Data –
section \<open>The Jacobson radical\<close>

lemma left_ideal_add: "left_ideal I \<Longrightarrow> x \<in> I \<Longrightarrow> y \<in> I \<Longrightarrow> x + y \<in> I"
  unfolding left_ideal_def by blast

lemma left_ideal_mult_left: "left_ideal I \<Longrightarrow> x \<in> I \<Longrightarrow> r * x \<in> I"
  unfolding left_ideal_def by blast

lemma left_ideal_eq_UNIV: "left_ideal I \<Longrightarrow> (1::'a::ring_1) \<in> I \<Longrightarrow> I = UNIV"
  unfolding left_ideal_def by (metis UNIV_eq_I mult_1_right)

lemma left_ideal_zero: "left_ideal {0::'a::ring_1}"
  unfolding left_ideal_def by simp

lemma left_ideal_add_left_multiples:
  assumes "left_ideal (M::'a::ring_1 set)"
  shows "left_ideal {m + r * x | m r. m \<in> M}"
  unfolding left_ideal_def
proof (intro conjI ballI allI)
  have "0 = 0 + 0 * x" "0 \<in> M" using assms unfolding left_ideal_def by simp_all
  then show "0 \<in> {m + r * x | m r. m \<in> M}" by blast
next
  fix a b assume "a \<in> {m + r * x | m r. m \<in> M}" "b \<in> {m + r * x | m r. m \<in> M}"
  then obtain m1 r1 m2 r2 where "a = m1 + r1 * x" "b = m2 + r2 * x" "m1 \<in> M" "m2 \<in> M" by blast
  moreover have "m1 + m2 \<in> M" using assms \<open>m1 \<in> M\<close> \<open>m2 \<in> M\<close> unfolding left_ideal_def by blast
  moreover have "a + b = (m1 + m2) + (r1 + r2) * x"
    using \<open>a = _\<close> \<open>b = _\<close> by (simp add: algebra_simps)
  ultimately show "a + b \<in> {m + r * x | m r. m \<in> M}" by blast
next
  fix a assume "a \<in> {m + r * x | m r. m \<in> M}"
  then obtain m1 r1 where "a = m1 + r1 * x" "m1 \<in> M" by blast
  moreover have "- m1 \<in> M" using assms \<open>m1 \<in> M\<close> unfolding left_ideal_def by blast
  moreover have "- a = (- m1) + (- r1) * x" using \<open>a = _\<close> by simp
  ultimately show "- a \<in> {m + r * x | m r. m \<in> M}" by blast
next
  fix s a assume "a \<in> {m + r * x | m r. m \<in> M}"
  then obtain m1 r1 where "a = m1 + r1 * x" "m1 \<in> M" by blast
  moreover have "s * m1 \<in> M" using assms \<open>m1 \<in> M\<close> unfolding left_ideal_def by blast
  moreover have "s * a = (s * m1) + (s * r1) * x"
    using \<open>a = _\<close> by (simp add: algebra_simps mult.assoc)
  ultimately show "s * a \<in> {m + r * x | m r. m \<in> M}" by blast
qed
lemma continuous_on_conjugate_perturbation:
  "continuous_on {x. det (mat 1 + snd x) \<noteq> 0} (conjugate_perturbation A M)"
proof -
  have "continuous_on {x. det (mat 1 + snd x) \<noteq> 0} (\<lambda>x::real \<times> (real^'n^'n). matrix_inv (mat 1 + snd x))"
    by (rule continuous_on_compose2[OF continuous_on_matrix_inv]) (intro continuous_intros | auto)+
  then show ?thesis
    unfolding conjugate_perturbation_def
    by (intro matrix_mult.continuous_on continuous_intros)
qed

lemma has_derivative_conjugate_perturbation:
  "(conjugate_perturbation A M has_derivative (\<lambda>h. fst h *\<^sub>R M + snd h ** A - A ** snd h)) (at 0)"
proof -
  have "((\<lambda>K. matrix_inv (mat 1 + K)) has_derivative uminus) (at (snd (0::real \<times> (real^'n^'n))))"
    using has_derivative_matrix_inv_at_identity by simp
  from diff_chain_at[OF has_derivative_snd[OF has_derivative_ident] this]
  have J: "((\<lambda>x::real \<times> (real^'n^'n). matrix_inv (mat 1 + snd x)) has_derivative (\<lambda>h. - snd h)) (at 0)"
    by (simp add: o_def)
  have U: "((\<lambda>x::real \<times> (real^'n^'n). mat 1 + snd x) has_derivative snd) (at 0)"
    by (auto intro!: derivative_eq_intros)
  have N: "((\<lambda>x::real \<times> (real^'n^'n). A + fst x *\<^sub>R M) has_derivative (\<lambda>h. fst h *\<^sub>R M)) (at 0)"
    by (auto intro!: derivative_eq_intros)
  from matrix_mult.FDERIV[OF matrix_mult.FDERIV[OF U N] J] show ?thesis
    unfolding conjugate_perturbation_def[abs_def]
    by (rule has_derivative_eq_rhs)
      (simp add: fun_eq_iff matrix_inv_mat_1 matrix_mult.minus_right matrix_add_rdistrib)
qed
(* Let $\alpha>0$ and let $\omega:[0,1]\to\mathbb R$ be a function that is continuous on $[0,1]$, nondecreasing, satisfies $\omega(\delta)\ne0$ for all $\delta\in(0,1]$ and $\omega(\delta)\to0$ as $\delta\to0+$, and satisfies condition $(\mathcal B_\alpha)$: $\sum_{v=1}^n v^{\alpha-1}\omega(v^{-1})=\mathcal O(n^\alpha\omega(n^{-1}))$ as $n\to\infty$. Let $\|\cdot\|$ be either the Luxemburg norm $\|\cdot\|_{\mathbf M}$ or the Orlicz norm $\|\cdot\|^*_{\mathbf M}$ (the same choice throughout). Then a function $f\in\mathcal S_{\mathbf M}$ satisfies $\omega_\alpha(f,\delta)=\mathcal O(\omega(\delta))$ as $\delta\to0+$ if and only if $E_n(f)=\mathcal O(\omega(n^{-1}))$ as $n\to\infty$.
   Context: $L$ is the space of $2\pi$-periodic Lebesgue integrable functions, with Fourier coefficients $\widehat f(k)=(2\pi)^{-1}\int_0^{2\pi}f(x)e^{-\mathrm{i}kx}\,dx$. Let $\mathbf M=\{M_k\}_{k\in\mathbb Z}$ be a sequence of Orlicz functions on $[0,\infty)$ (nondecreasing, convex, $M_k(0)=0$, $M_k(u)\to\infty$ as $u\to\infty$). For a complex sequence $c=\{c_k\}_{k\in\mathbb Z}$: Luxemburg norm $\|c\|_{\mathbf M}=\inf\{a>0:\sum_kM_k(|c_k|/a)\le1\}$; with $\tilde M_k(v)=\sup\{uv-M_k(u):u\ge0\}$ and $\Lambda$ the set of positive sequences $\lambda$ with $\sum_k\tilde M_k(\lambda_k)\le1$, Orlicz norm $\|c\|^*_{\mathbf M}=\sup\{\sum_k\lambda_k|c_k|:\lambda\in\Lambda\}$. $\mathcal S_{\mathbf M}$ is the space of $f\in L$ with $\|\{\widehat f(k)\}\|_{\mathbf M}<\infty$; norms of $f$ are those of $\{\widehat f(k)\}$. $E_n(f)=\inf\{\|f-t\|:t\in\mathcal T_{n-1}\}$, $\mathcal T_{n-1}$ the trigonometric polynomials $\sum_{|k|\le n-1}c_ke^{\mathrm{i}kx}$. For $\alpha>0$, $\Delta_h^\alpha f(x)=\sum_{j\ge0}(-1)^j\binom{\alpha}{j}f(x-jh)$, with Fourier coefficients $(1-e^{-\mathrm{i}kh})^\alpha\widehat f(k)$, and $\omega_\alpha(f,\delta)=\sup_{|h|\le\delta}\|\Delta_h^\alpha f\|$. *)

theory Defs
  imports "HOL-Analysis.Analysis" "HOL-Library.Landau_Symbols"
begin

definition Lper :: "(real \<Rightarrow> complex) set" where
  "Lper = {f. (\<forall>x. f (x + 2 * pi) = f x) \<and> f absolutely_integrable_on {0..2 * pi}}"

definition fourier_coeff :: "(real \<Rightarrow> complex) \<Rightarrow> int \<Rightarrow> complex" where
  "fourier_coeff f k =
     complex_of_real (1 / (2 * pi)) * integral {0..2 * pi} (\<lambda>x. f x * cis (- (of_int k * x)))"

Task objective –
Filter this listing and copy only the lines holding the word "from".

Exercise response –
  from diff_chain_at[OF has_derivative_snd[OF has_derivative_ident] this]
  from matrix_mult.FDERIV[OF matrix_mult.FDERIV[OF U N] J] show ?thesis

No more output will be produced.